Thursday, April 4, 2024

A case in API ergonomics for ordered containers

Suppose we have a std::set<int> and would like to retrieve the elements between values a and b, both inclusive. This task is served by operations std::set::lower_bound and std::set::upper_bound:

std::set<int> x=...;

// elements in [a,b]
auto first = x.lower_bound(a);
auto last = x.upper_bound(b);

while(first != last) std::cout<< *first++ <<" ";

Why do we use lower_bound for the first iterator and upper_bound for the second? The well-known STL convention is that a range of elements is determined by two iterators first and last, where first points to the first element of the range and last points to the position right after the last element.
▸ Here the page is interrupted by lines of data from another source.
(* Fix any $d,r\in\mathbb{N}$. For every $m\in\mathbb{N}$ there exists $m'=m'(d,r,m)$ such that every graph $G$ with $(r,m')$-rank more than $d$ contains $T_{d,m}$ as an $r$-shallow topological minor.
   Context: $T_{d,m}$ is the rooted tree of depth $d$ (all leaf-to-root paths have $d$ edges) in which every non-leaf vertex has exactly $m$ children. $H$ is an $r$-shallow topological minor of $G$ if $G$ has a subgraph isomorphic to a graph obtained from $H$ by replacing each edge by a path with at most $r$ internal vertices (paths internally disjoint). $N_r^G(v)$ is the closed $r$-neighborhood of $v$; $G-S$ is the subgraph induced on $V(G)\setminus S$. The $(r,m)$-rank of vertices of $G$ (values in $\mathbb{N}\cup\{\infty\}$, with $\infty$ larger than every integer) is defined by: initially every vertex has rank $\infty$; in rounds $i=1,2,\dots$, every vertex $v$ currently of rank $\infty$ receives rank $i$ if there exists $S\subseteq V(G)\setminus\{v\}$ with $|S|\le m$ such that every vertex of $N_r^{G-S}(v)\setminus\{v\}$ received a finite rank in rounds $1,\dots,i-1$; the procedure stops when all ranks are finite or a round assigns no new rank. The $(r,m)$-rank of $G$ is the maximum $(r,m)$-rank of a vertex of $G$. *)

theory Defs
  imports Main
begin

definition graph :: "'a set \<Rightarrow> ('a \<Rightarrow> 'a \<Rightarrow> bool) \<Rightarrow> bool" where
  "graph V E \<longleftrightarrow> finite V \<and> (\<forall>u v. E u v \<longrightarrow> u \<in> V \<and> v \<in> V)
     \<and> (\<forall>u v. E u v \<longrightarrow> E v u) \<and> (\<forall>v. \<not> E v v)"

fun nbhd :: "'a set \<Rightarrow> ('a \<Rightarrow> 'a \<Rightarrow> bool) \<Rightarrow> nat \<Rightarrow> 'a \<Rightarrow> 'a set" where
  "nbhd W E 0 v = (if v \<in> W then {v} else {})"
| "nbhd W E (Suc k) v = nbhd W E k v \<union> {u \<in> W. \<exists>w \<in> nbhd W E k v. E w u}"

text \<open>ranked V E r m i = set of vertices of (r,m)-rank at most i (finite rank assigned in rounds 1..i).\<close>
fun ranked :: "'a set \<Rightarrow> ('a \<Rightarrow> 'a \<Rightarrow> bool) \<Rightarrow> nat \<Rightarrow> nat \<Rightarrow> nat \<Rightarrow> 'a set" where
  "ranked V E r m 0 = {}"
| "ranked V E r m (Suc i) = ranked V E r m i \<union>
     {v \<in> V. \<exists>S. S \<subseteq> V - {v} \<and> card S \<le> m \<and>
          nbhd (V - S) E r v - {v} \<subseteq> ranked V E r m i}"

text \<open>The (r,m)-rank of G is more than d: some vertex has rank > d (possibly infinite).\<close>
definition rank_gt :: "'a set \<Rightarrow> ('a \<Rightarrow> 'a \<Rightarrow> bool) \<Rightarrow> nat \<Rightarrow> nat \<Rightarrow> nat \<Rightarrow> bool" where
  "rank_gt V E r m d \<longleftrightarrow> (\<exists>v \<in> V. v \<notin> ranked V E r m d)"

definition is_path :: "'a set \<Rightarrow> ('a \<Rightarrow> 'a \<Rightarrow> bool) \<Rightarrow> 'a list \<Rightarrow> bool" where
  "is_path V E p \<longleftrightarrow> p \<noteq> [] \<and> distinct p \<and> set p \<subseteq> V \<and>
     (\<forall>i. Suc i < length p \<longrightarrow> E (p ! i) (p ! Suc i))"

definition interior :: "'a list \<Rightarrow> 'a set" where
  "interior p = set (butlast (tl p))"

definition shallow_top_minor ::
  "nat \<Rightarrow> 'b set \<Rightarrow> ('b \<Rightarrow> 'b \<Rightarrow> bool) \<Rightarrow> 'a set \<Rightarrow> ('a \<Rightarrow> 'a \<Rightarrow> bool) \<Rightarrow> bool" where
  "shallow_top_minor r VH EH V E \<longleftrightarrow>
     (\<exists>(f :: 'b \<Rightarrow> 'a) (P :: 'b set \<Rightarrow> 'a list).
        inj_on f VH \<and> f ` VH \<subseteq> V \<and>
        (\<forall>a b. EH a b \<longrightarrow>
            is_path V E (P {a, b}) \<and>
            {hd (P {a, b}), last (P {a, b})} = {f a, f b} \<and>
            length (P {a, b}) \<le> r + 2 \<and>
            interior (P {a, b}) \<inter> f ` VH = {}) \<and>
        (\<forall>a b a' b'. EH a b \<longrightarrow> EH a' b' \<longrightarrow> {a, b} \<noteq> {a', b'} \<longrightarrow>
            interior (P {a, b}) \<inter> interior (P {a', b'}) = {}))"

text \<open>T_{d,m}: vertices are words over {0..<m} of length at most d (root = []);
  the children of w (length w < d) are w @ [i], i < m.\<close>
definition tree_V :: "nat \<Rightarrow> nat \<Rightarrow> nat list set" where
  "tree_V d m = {w. length w \<le> d \<and> set w \<subseteq> {..<m}}"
This is done so that empty ranges can be handled without special provisions (first == last).

Now, with this convention in mind and considering that

  • lower_bound(a) returns an iterator to the first element not less than a,
  • upper_bound(b) returns an iterator to the first element greater than b,

we can convince ourselves that the code above is indeed correct. The situations where one or both of the interval endpoints are not inclusive can also be handled:

// elements in [a,b)
auto first = x.lower_bound(a);
auto last  = x.lower_bound(b);

// elements in (a,b]
auto first = x.upper_bound(a);
auto last  = x.upper_bound(b);

// elements in (a,b)
auto first = x.upper_bound(a);
auto last  = x.lower_bound(b);

but getting them right requires some thinking.

Boost.MultiIndex introduces the operation range to handle this type of queries:

template<typename LowerBounder,typename UpperBounder>
std::pair<iterator,iterator>
range(LowerBounder lower, UpperBounder upper);

lower and upper are user-provided predicates that determine whether an element is not to the left and not to the right of the considered interval, respectively. The formal specification of LowerBounder and UpperBounder is quite impenetrable, but using this facility, in particular in combination with Boost.Lambda2, is actually straightforward:

// equivalent to std::set<int>
boost::multi_index_container<int> x=...;

using namespace boost::lambda2;

// [a,b] auto [first, last] = x.range(_1 >= a, _1 <= b);
// [a,b) auto [first, last] = x.range(_1 >= a, _1 < b); // (a,b] auto [first, last] = x.range(_1 > a, _1 <= b); // (a,b) auto [first, last] = x.range(_1 > a, _1 < b);

The resulting code is much easier to read and to get right in the first place, and is also more efficient than two separate calls to [lower|upper]_bound   (because the two internal rb-tree top-to-bottom traversals can be partially joined in the implementation of range). Just as importantly, range handles situations such as this:

int a = 5;
int b = 2; // note a > b

// elements in [a,b]
auto first = x.lower_bound(a);
auto last = x.upper_bound(b);

// undefined behavior
while(first != last) std::cout<< *first++ <<" ";

When a > b, first may be strictly to the right of last, and consequently the while loop will crash or never terminate. range, on the other hand, handles the situation gracefully and returns an empty range.

We have seen an example of how API design can help reduce programming errors and increase efficiency by providing higher-level facilities that model and encapsulate scenarios otherwise served by a combination of lower-level operations. It may be interesting to have range-like operations introduced for standard associative containers.